• [Task description]: Each line in the records below that has the word "integers" should be copied.

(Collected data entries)
>>>>>

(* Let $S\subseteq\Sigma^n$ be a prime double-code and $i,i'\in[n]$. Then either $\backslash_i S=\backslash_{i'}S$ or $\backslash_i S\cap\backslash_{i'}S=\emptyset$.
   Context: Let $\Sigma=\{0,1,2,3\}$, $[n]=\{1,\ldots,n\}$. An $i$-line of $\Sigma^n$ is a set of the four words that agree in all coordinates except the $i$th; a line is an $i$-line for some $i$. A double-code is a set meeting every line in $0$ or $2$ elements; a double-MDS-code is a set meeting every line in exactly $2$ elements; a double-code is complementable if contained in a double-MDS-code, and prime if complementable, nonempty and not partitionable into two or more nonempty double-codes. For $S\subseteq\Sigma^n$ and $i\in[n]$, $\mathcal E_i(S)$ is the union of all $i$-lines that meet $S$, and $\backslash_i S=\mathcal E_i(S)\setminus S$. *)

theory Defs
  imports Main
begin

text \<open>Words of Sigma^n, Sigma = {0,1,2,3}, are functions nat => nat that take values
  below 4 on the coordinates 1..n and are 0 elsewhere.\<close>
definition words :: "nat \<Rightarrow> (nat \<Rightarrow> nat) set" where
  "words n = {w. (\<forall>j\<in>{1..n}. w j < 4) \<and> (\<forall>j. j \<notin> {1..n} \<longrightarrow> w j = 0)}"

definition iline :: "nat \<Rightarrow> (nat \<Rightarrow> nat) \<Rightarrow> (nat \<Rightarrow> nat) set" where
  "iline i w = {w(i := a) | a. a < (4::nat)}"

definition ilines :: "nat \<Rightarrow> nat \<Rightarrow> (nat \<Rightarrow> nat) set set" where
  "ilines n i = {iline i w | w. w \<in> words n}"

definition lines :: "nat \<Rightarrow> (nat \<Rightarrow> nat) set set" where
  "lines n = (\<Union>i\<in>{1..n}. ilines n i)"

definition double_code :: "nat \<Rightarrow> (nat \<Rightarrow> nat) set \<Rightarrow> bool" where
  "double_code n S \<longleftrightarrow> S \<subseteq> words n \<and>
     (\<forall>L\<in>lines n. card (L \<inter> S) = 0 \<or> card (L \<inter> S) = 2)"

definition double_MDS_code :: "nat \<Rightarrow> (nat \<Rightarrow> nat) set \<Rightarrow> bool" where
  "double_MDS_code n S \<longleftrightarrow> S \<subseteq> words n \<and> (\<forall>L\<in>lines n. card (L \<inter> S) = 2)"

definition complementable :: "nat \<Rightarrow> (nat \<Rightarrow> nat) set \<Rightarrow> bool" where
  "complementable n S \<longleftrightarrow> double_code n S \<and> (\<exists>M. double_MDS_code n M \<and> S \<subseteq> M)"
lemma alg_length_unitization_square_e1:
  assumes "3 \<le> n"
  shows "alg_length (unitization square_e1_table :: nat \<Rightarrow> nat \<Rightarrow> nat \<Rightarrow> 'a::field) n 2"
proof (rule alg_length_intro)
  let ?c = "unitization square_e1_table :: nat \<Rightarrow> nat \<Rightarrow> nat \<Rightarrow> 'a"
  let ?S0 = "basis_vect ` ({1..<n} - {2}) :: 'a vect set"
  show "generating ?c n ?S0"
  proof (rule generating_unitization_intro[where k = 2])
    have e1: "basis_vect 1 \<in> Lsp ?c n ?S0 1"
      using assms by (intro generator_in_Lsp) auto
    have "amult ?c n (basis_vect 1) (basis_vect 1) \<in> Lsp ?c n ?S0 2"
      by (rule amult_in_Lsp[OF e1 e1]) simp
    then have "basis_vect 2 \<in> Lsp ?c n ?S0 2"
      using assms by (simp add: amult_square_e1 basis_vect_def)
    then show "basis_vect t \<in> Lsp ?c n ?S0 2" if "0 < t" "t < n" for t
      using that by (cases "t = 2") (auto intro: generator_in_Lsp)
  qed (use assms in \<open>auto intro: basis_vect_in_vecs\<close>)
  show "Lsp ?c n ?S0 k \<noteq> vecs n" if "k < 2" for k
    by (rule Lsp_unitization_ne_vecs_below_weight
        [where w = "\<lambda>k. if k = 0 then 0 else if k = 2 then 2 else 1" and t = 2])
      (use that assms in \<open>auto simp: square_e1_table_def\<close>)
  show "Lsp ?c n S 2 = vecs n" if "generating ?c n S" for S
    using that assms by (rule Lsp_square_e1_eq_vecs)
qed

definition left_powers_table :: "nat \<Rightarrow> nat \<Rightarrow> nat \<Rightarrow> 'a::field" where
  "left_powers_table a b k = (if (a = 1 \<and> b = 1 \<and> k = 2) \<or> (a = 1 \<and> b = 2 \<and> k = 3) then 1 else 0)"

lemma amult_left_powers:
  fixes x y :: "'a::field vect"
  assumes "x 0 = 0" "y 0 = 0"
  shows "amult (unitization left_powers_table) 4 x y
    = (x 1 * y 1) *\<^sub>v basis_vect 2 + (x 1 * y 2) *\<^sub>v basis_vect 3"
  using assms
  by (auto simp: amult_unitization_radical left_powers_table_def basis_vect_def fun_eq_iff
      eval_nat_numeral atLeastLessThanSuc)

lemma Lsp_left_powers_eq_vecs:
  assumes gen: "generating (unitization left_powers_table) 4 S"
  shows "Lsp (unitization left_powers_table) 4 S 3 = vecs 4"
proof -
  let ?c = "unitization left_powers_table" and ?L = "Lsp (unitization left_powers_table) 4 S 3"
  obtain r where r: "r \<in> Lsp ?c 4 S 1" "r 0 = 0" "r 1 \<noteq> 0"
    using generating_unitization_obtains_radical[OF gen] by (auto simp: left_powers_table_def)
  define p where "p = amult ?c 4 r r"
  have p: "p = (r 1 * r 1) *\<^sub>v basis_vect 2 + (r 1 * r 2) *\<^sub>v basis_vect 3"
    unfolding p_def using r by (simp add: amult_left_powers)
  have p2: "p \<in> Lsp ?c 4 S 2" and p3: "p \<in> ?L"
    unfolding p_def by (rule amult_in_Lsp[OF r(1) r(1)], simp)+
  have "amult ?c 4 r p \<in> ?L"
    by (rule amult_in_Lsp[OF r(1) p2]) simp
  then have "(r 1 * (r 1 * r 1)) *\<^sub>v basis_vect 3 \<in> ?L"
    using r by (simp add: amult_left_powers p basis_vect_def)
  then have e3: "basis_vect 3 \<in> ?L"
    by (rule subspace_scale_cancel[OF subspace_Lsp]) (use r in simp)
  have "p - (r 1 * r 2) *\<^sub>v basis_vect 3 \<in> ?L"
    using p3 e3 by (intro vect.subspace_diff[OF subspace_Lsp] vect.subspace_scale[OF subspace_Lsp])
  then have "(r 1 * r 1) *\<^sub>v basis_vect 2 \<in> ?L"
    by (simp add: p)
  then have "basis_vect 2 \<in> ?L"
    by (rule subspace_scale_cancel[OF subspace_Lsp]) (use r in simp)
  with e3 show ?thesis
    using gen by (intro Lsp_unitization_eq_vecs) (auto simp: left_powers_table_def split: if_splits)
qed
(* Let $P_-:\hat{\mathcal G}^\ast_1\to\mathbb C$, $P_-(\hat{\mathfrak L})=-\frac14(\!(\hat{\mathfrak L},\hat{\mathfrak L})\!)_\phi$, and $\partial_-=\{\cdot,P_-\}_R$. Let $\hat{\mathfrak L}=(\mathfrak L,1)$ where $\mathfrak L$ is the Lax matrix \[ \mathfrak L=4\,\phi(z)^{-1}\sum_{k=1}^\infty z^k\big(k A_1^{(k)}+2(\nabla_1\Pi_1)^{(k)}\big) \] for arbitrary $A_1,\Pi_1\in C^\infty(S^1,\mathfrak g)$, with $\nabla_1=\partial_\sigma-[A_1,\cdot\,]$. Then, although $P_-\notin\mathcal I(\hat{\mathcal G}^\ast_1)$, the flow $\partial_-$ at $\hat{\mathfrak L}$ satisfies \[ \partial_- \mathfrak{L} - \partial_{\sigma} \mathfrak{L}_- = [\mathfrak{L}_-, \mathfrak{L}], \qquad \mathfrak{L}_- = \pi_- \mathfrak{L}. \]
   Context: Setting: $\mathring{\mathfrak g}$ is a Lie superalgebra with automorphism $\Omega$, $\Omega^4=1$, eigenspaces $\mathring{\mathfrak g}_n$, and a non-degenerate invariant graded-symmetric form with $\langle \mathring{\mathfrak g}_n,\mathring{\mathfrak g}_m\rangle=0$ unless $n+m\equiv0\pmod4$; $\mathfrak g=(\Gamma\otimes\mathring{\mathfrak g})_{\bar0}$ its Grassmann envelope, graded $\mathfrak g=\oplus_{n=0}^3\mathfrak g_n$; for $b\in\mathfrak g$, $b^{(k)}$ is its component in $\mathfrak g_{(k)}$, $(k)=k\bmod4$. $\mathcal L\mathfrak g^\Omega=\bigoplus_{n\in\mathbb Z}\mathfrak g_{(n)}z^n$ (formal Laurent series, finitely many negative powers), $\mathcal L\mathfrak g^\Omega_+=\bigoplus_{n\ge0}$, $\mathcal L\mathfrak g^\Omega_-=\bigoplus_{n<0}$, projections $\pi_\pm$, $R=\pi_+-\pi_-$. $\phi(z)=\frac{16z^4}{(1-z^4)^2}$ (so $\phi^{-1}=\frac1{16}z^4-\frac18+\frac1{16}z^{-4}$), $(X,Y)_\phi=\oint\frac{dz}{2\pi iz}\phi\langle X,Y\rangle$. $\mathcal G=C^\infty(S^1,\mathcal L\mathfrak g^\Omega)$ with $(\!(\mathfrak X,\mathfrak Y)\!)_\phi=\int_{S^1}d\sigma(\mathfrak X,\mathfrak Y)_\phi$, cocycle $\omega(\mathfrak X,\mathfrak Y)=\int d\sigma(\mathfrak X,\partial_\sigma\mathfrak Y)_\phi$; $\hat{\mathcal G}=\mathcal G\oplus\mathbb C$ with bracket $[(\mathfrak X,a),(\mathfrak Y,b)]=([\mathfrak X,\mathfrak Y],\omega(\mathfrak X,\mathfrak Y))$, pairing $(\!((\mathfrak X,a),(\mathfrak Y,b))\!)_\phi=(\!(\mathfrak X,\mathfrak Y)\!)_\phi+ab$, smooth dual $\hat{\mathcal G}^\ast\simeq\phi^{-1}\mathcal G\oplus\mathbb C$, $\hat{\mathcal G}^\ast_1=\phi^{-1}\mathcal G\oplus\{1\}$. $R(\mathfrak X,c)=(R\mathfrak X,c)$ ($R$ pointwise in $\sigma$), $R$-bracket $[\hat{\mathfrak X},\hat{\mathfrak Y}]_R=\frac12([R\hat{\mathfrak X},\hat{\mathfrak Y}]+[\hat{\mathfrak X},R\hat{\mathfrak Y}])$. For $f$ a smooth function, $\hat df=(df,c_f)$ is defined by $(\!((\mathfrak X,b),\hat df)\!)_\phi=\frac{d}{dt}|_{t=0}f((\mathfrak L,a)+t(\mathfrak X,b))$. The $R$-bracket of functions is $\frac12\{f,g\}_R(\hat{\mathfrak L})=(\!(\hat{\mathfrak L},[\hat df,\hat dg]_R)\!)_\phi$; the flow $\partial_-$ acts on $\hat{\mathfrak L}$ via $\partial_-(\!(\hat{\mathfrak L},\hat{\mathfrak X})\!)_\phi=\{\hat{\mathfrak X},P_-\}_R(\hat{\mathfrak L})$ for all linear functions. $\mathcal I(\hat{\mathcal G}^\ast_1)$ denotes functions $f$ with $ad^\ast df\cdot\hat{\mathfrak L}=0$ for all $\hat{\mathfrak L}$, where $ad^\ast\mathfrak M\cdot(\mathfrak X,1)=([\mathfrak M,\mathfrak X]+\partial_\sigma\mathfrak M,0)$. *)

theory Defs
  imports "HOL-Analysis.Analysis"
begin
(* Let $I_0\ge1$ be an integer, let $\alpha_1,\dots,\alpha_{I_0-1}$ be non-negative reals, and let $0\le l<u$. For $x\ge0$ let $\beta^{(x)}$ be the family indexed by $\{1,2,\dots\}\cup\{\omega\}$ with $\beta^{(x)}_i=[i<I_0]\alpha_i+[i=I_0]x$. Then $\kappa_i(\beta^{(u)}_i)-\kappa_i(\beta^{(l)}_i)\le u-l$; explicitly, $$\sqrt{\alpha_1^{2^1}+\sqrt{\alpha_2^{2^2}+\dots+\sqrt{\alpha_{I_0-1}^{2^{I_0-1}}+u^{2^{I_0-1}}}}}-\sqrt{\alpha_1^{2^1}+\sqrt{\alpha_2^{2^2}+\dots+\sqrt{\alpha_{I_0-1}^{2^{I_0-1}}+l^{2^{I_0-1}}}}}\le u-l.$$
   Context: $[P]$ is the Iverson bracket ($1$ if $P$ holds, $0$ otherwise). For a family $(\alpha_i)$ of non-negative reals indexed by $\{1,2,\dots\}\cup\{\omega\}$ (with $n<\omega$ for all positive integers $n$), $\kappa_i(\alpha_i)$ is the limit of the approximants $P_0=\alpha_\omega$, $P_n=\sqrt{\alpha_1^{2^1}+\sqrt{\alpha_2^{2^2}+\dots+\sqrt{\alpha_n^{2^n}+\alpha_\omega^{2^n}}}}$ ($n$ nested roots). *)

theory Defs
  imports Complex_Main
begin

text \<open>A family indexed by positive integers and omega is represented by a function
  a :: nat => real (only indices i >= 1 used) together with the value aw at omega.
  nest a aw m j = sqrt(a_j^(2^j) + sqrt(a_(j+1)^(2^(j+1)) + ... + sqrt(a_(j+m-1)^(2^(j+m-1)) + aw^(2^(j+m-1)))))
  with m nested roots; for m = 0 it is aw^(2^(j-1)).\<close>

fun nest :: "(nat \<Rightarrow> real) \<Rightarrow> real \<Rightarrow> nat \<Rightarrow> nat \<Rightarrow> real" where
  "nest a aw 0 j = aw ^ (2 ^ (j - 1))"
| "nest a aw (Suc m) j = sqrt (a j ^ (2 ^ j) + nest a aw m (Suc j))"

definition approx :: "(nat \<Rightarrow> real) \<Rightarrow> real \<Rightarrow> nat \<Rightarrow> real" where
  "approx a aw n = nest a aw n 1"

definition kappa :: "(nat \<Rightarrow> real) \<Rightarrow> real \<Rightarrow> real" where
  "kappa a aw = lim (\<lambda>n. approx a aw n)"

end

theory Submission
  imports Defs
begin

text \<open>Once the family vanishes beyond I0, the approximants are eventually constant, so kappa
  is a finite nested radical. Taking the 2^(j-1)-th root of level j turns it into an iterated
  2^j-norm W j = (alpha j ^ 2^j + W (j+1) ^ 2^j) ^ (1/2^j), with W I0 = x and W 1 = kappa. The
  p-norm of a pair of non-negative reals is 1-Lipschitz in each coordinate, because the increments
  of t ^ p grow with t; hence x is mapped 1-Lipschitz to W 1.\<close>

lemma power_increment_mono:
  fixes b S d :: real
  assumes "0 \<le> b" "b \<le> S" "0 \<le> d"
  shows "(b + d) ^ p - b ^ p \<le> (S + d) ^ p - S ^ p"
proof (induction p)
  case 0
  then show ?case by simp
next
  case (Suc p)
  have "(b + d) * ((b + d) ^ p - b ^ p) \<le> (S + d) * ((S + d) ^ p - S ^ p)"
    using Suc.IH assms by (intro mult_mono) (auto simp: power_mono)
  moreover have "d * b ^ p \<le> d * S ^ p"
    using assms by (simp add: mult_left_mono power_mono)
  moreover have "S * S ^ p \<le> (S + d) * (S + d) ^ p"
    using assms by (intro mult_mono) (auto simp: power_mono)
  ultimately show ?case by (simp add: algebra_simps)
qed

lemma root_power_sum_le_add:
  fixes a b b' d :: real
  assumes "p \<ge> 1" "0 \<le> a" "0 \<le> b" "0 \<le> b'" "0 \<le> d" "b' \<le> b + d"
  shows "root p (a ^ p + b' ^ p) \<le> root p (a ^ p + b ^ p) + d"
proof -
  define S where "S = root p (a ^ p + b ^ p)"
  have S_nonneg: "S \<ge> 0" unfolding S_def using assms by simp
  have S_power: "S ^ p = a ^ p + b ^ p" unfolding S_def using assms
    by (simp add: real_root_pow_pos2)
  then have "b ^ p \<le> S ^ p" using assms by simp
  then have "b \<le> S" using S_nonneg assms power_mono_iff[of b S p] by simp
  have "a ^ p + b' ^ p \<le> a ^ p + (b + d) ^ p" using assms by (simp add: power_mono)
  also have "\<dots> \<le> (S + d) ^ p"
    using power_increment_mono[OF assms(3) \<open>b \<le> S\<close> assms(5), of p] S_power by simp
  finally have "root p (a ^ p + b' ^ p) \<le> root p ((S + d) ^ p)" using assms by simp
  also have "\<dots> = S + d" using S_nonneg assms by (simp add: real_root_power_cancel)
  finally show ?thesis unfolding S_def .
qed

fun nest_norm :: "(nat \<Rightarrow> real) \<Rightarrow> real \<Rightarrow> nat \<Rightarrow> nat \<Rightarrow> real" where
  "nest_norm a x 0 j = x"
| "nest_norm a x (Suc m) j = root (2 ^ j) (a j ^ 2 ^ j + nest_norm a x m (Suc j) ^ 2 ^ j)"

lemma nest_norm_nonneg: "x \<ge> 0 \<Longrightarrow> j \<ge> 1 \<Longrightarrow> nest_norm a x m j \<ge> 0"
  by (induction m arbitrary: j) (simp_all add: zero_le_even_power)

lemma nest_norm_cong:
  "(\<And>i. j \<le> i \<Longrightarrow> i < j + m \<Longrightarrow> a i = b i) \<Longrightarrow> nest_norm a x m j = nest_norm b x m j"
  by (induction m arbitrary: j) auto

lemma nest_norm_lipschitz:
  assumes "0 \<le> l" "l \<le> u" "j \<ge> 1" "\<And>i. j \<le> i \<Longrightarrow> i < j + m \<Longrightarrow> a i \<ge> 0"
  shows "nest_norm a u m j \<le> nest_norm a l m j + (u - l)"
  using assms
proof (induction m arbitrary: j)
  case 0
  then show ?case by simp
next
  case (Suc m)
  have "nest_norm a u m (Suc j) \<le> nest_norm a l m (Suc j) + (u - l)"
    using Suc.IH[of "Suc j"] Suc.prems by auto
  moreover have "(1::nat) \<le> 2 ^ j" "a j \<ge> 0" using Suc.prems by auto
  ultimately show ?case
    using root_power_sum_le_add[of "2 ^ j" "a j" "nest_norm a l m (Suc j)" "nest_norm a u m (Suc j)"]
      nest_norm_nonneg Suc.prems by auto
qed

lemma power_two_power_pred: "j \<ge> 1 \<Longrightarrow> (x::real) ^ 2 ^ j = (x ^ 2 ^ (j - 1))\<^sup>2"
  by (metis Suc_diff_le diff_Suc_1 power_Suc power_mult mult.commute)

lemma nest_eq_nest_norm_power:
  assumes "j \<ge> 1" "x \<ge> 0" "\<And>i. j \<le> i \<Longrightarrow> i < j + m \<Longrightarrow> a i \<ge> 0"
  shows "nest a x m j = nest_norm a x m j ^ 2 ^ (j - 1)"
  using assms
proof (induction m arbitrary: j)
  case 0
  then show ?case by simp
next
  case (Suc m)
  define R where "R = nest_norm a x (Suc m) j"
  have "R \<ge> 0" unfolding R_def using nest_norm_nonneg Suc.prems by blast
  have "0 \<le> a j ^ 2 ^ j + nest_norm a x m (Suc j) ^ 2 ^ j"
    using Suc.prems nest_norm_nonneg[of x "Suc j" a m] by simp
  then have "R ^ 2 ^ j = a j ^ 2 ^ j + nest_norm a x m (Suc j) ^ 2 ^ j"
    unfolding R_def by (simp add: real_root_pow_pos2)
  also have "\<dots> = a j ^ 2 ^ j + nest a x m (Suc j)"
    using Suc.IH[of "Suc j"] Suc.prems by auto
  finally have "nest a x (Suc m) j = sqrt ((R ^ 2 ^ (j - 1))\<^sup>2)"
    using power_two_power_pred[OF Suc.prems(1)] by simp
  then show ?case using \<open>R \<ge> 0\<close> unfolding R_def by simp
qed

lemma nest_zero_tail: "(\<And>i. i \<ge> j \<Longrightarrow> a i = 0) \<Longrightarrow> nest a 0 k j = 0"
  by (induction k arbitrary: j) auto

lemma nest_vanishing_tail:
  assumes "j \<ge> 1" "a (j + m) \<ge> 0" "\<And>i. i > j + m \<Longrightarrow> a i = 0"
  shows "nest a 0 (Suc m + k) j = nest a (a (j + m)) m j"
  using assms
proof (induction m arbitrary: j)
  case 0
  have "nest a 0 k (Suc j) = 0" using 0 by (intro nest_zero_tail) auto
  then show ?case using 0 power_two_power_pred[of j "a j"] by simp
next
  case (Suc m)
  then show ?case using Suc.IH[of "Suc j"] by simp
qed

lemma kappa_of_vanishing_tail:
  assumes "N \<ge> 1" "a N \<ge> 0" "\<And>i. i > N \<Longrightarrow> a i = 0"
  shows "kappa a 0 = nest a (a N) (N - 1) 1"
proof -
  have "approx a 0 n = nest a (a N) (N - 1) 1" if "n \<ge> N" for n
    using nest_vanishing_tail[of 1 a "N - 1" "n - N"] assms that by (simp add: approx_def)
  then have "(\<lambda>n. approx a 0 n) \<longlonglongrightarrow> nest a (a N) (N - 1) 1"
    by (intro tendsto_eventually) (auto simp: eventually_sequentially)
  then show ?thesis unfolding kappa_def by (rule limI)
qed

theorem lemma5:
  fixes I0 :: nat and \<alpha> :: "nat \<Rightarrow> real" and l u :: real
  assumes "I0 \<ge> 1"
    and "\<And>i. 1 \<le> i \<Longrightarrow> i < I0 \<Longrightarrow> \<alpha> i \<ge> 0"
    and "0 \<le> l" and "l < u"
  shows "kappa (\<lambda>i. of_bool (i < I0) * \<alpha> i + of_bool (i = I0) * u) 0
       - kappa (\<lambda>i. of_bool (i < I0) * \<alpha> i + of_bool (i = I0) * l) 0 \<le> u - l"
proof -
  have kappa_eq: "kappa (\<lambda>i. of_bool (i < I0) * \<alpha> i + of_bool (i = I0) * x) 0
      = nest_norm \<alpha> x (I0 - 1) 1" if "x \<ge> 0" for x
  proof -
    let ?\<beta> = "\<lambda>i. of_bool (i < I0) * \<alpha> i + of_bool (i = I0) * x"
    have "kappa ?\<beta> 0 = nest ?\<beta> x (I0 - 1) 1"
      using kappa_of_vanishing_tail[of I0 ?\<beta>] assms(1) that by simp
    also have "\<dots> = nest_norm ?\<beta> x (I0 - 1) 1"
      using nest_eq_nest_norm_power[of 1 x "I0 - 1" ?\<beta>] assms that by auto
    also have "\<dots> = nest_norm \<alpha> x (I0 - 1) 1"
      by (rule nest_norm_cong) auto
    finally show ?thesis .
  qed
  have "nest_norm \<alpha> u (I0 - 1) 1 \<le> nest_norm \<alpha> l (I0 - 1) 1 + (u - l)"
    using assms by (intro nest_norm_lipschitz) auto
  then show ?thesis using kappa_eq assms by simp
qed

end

<<<<<

• [Expected answer]:
   Context: $[P]$ is the Iverson bracket ($1$ if $P$ holds, $0$ otherwise). For a family $(\alpha_i)$ of non-negative reals indexed by $\{1,2,\dots\}\cup\{\omega\}$ (with $n<\omega$ for all positive integers $n$), $\kappa_i(\alpha_i)$ is the limit of the approximants $P_0=\alpha_\omega$, $P_n=\sqrt{\alpha_1^{2^1}+\sqrt{\alpha_2^{2^2}+\dots+\sqrt{\alpha_n^{2^n}+\alpha_\omega^{2^n}}}}$ ($n$ nested roots). *)
text \<open>A family indexed by positive integers and omega is represented by a function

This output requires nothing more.